Denise Frossard Loschi (Carangola, October 6, 1950) is a judge and politician from Brazil. She studied law and served as a magistrate in Rio de Janeiro. She has been a law professor at the Getúlio Vargas Foundation. When she retired she started working for Transparency International.

She was the trial judge who on May 14, 1993, convicted 14 notorious racketeers who control the lucrative Jogo do Bicho (the “animal game” – an illegal but popular numbers gamble) in Rio de Janeiro.  The so-called bicheiros were a notorious source of corruption of police officers, politicians, part of the media and even social organisations such as the samba schools, that organise Rio's world-famous Carnival parades, a huge source of tourist income to both the city and the state). Frossard sentenced them to six years' imprisonment. The sentence recognized the existence of a mafia-type organization in Brazil for the first time. Editorial pages of Brazilian newspapers praised Frossard's courage to take on the illegal lottery bosses.
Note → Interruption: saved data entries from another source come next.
(* Let $\delta>0$ and $0<c\le2\sqrt\delta$, and set $\tilde\lambda:=1-\frac{c^2}{4\delta}\ge0$. Then $\tilde\lambda$ is an eigenvalue in the extended sense: the Riccati solution $\eta^u(z;\tilde\lambda)$ tending to $\mu^u_-(\tilde\lambda)$ as $z\to-\infty$ tends, as $z\to+\infty$, to the double root $\mu^s_+(\tilde\lambda)=\mu^u_+(\tilde\lambda)=-\frac{c}{2\delta}$. In particular, for $0<c<2\sqrt\delta$ the linearised operator about the travelling wave has the positive real eigenvalue $\tilde\lambda$.
   Context: $\hat u$ solves $\delta\hat u''+c\hat u'+\hat u(1-\hat u)=0$ with $\hat u(-\infty)=1$, $\hat u(+\infty)=0$. Riccati equation: $\eta'=\frac{\lambda-1+2\hat u(z)}{\delta}-\frac c\delta\eta-\eta^2$ on $\mathbb CP^1$ (equation for $\eta=q/p$ along solutions of $p'=q$, $q'=\frac{\lambda-1+2\hat u}{\delta}p-\frac c\delta q$). $\mu^{u}_-(\lambda)=\frac{-c+\sqrt{c^2+4\delta(\lambda+1)}}{2\delta}$, $\mu^{u,s}_+(\lambda)=\frac{-c\pm\sqrt{c^2+4\delta(\lambda-1)}}{2\delta}$. For $\mathrm{Re}\,\lambda\ge0$, $\lambda$ is an eigenvalue in the extended sense if some solution of the Riccati equation tends to $\mu^u_-(\lambda)$ as $z\to-\infty$ and to $\mu^s_+(\lambda)$ as $z\to+\infty$. *)

theory Defs
  imports "HOL-Analysis.Analysis"
begin

definition travelling_wave :: "real \<Rightarrow> real \<Rightarrow> (real \<Rightarrow> real) \<Rightarrow> bool" where
  "travelling_wave \<delta> c u \<longleftrightarrow>
     (\<exists>u'. (\<forall>z. (u has_real_derivative u' z) (at z)) \<and>
           (\<forall>z. (u' has_real_derivative (- (c * u' z + u z * (1 - u z)) / \<delta>)) (at z))) \<and>
     (u \<longlongrightarrow> 1) at_bot \<and> (u \<longlongrightarrow> 0) at_top"

definition mu_u_minus :: "real \<Rightarrow> real \<Rightarrow> complex \<Rightarrow> complex" where
  "mu_u_minus \<delta> c lam = (- c + csqrt (c\<^sup>2 + 4 * \<delta> * (lam + 1))) / (2 * \<delta>)"

definition mu_u_plus :: "real \<Rightarrow> real \<Rightarrow> complex \<Rightarrow> complex" where
  "mu_u_plus \<delta> c lam = (- c + csqrt (c\<^sup>2 + 4 * \<delta> * (lam - 1))) / (2 * \<delta>)"

definition mu_s_plus :: "real \<Rightarrow> real \<Rightarrow> complex \<Rightarrow> complex" where
  "mu_s_plus \<delta> c lam = (- c - csqrt (c\<^sup>2 + 4 * \<delta> * (lam - 1))) / (2 * \<delta>)"

text \<open>A solution of the Riccati equation on CP^1 is the projectivisation eta = q/p of a
  nonzero solution (p,q) of the linear system p' = q, q' = ((lambda-1+2u)/delta) p - (c/delta) q.\<close>
definition riccati_solution ::
    "real \<Rightarrow> real \<Rightarrow> (real \<Rightarrow> real) \<Rightarrow> complex \<Rightarrow> (real \<Rightarrow> complex) \<Rightarrow> (real \<Rightarrow> complex) \<Rightarrow> bool" where
  "riccati_solution \<delta> c u lam p q \<longleftrightarrow>
     (\<forall>z. (p has_vector_derivative q z) (at z)) \<and>
     (\<forall>z. (q has_vector_derivative
            ((lam - 1 + 2 * u z) / \<delta> * p z - c / \<delta> * q z)) (at z)) \<and>
     (\<forall>z. p z \<noteq> 0 \<or> q z \<noteq> 0)"

definition proj_tendsto :: "(real \<Rightarrow> complex) \<Rightarrow> (real \<Rightarrow> complex) \<Rightarrow> complex \<Rightarrow> real filter \<Rightarrow> bool" where
  "proj_tendsto p q \<mu> F \<longleftrightarrow> (\<forall>\<^sub>F z in F. p z \<noteq> 0) \<and> ((\<lambda>z. q z / p z) \<longlongrightarrow> \<mu>) F"

definition eigenvalue_ext :: "real \<Rightarrow> real \<Rightarrow> (real \<Rightarrow> real) \<Rightarrow> complex \<Rightarrow> bool" where
  "eigenvalue_ext \<delta> c u lam \<longleftrightarrow> Re lam \<ge> 0 \<and>
     (\<exists>p q. riccati_solution \<delta> c u lam p q \<and>
            proj_tendsto p q (mu_u_minus \<delta> c lam) at_bot \<and>
            proj_tendsto p q (mu_s_plus \<delta> c lam) at_top)"

end

theory Submission
  imports Defs "HOL-Real_Asymp.Real_Asymp"
begin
"The animal game is a deeply embedded cultural phenomenon with a certain romantic aura, and thus hard to eradicate," according to Frossard.  "But it is also a quintessentially Brazilian way of laundering money and contributes greatly to the problem of impunity in this country." Judge Frossard was subjected to pressures from both the political establishment and the Judiciary itself and her life has been threatened. She has been the target of assassination attempts that she attributes to hired guns in the pay of game kingpins. A former military policeman allegedly received an offer of US$270,000 (R$1 million) to kill Frossard, but was arrested before he could commit the murder.
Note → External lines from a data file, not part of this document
(* If every path had a cut, the nodes reachable from N would stop before the first cut of
   each path and never reach S. *)
lemma intact_path_exists:
  assumes F: "valid_round l d F" and dpos: "\<forall>i<l. d i \<ge> 1"
  shows "\<exists>r<l. \<forall>m\<le>d r. pedge d r m \<in> F"
proof (rule ccontr)
  assume "\<not> ?thesis"
  then have "\<forall>r<l. \<exists>m\<le>d r. pedge d r m \<notin> F" by blast
  then obtain mc where mc: "\<And>r. r < l \<Longrightarrow> mc r \<le> d r \<and> pedge d r (mc r) \<notin> F" by metis
  let ?R = "{(x, y). {x, y} \<in> F}"
  let ?X = "insert NP {IV r m | r m. r < l \<and> 1 \<le> m \<and> m \<le> mc r}"
  have cl: "v \<in> ?X" if uvR: "(u, v) \<in> ?R" and uX: "u \<in> ?X" for u v
  proof -
    from uvR have uv: "{u, v} \<in> F" by auto
    then have uvE: "{u, v} \<in> theta_E l d" using F unfolding valid_round_def by auto
    show ?thesis
    proof (cases "u = NP")
      case True
      then obtain i where i: "i < l" "v = pnode d i 1" "{NP, v} = pedge d i 0" using theta_E_NP_neighbour[OF _ dpos] uvE by blast
      have "mc i \<noteq> 0"
      proof
        assume "mc i = 0"
        then have "pedge d i 0 \<notin> F" using mc[OF i(1)] by simp
        then show False using i uv True by simp
      qed
      then show ?thesis using i dpos mc[OF i(1)] by auto
    next
      case False
      then obtain r m where um: "u = IV r m" "r < l" "1 \<le> m" "m \<le> mc r" using uX by auto
      from theta_E_IV_neighbour[OF _ dpos, of r m v] uvE um have
        "(v = pnode d r (m - 1) \<and> {IV r m, v} = pedge d r (m - 1)) \<or> (v = pnode d r (Suc m) \<and> {IV r m, v} = pedge d r m)"
        by blast
      then show ?thesis
      proof
        assume h: "v = pnode d r (m - 1) \<and> {IV r m, v} = pedge d r (m - 1)"
        show ?thesis
        proof (cases "m = 1")
          case True then show ?thesis using h by simp
        next
          case False
          then have "v = IV r (m - 1)" using h um mc[OF um(2)] by auto
          then show ?thesis using um False by auto
        qed
      next
        assume h: "v = pnode d r (Suc m) \<and> {IV r m, v} = pedge d r m"
        have "m \<noteq> mc r" using h uv um mc[OF um(2)] by auto
        then have "Suc m \<le> mc r" using um by auto
        then show ?thesis using h um mc[OF um(2)] by auto
      qed
    qed
  qed
  have "NP \<in> theta_V l d" "SP \<in> theta_V l d" unfolding theta_V_def by auto
  then have "(NP, SP) \<in> ?R\<^sup>*" using F unfolding valid_round_def connected_on_def by blast
  then have "SP \<in> ?X" using rtrancl_closed[of _ _ ?R ?X] cl by blast
  then show False by auto
qed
After the judgment in 1993, she spent a year in the United States, returning to head the Brazilian branches of Transparency International and the Women's Bank.

In 2002, she was elected as federal representative for the Socialist People's Party (Partido Popular Socialista, PPS) to the Brazilian Congress. She won the election in the State of Rio de Janeiro with a landslide, winning more votes in that election than any of her colleagues. Her term ended in 2006, after which she ran for governor of the State of Rio de Janeiro. With 32% of the valid votes, she lost in the run-off from Sérgio Cabral Filho, the candidate for the Brazilian Democratic Movement Party (Partido do Movimento Democrático Brasileiro, PMDB), who won 68% of the votes.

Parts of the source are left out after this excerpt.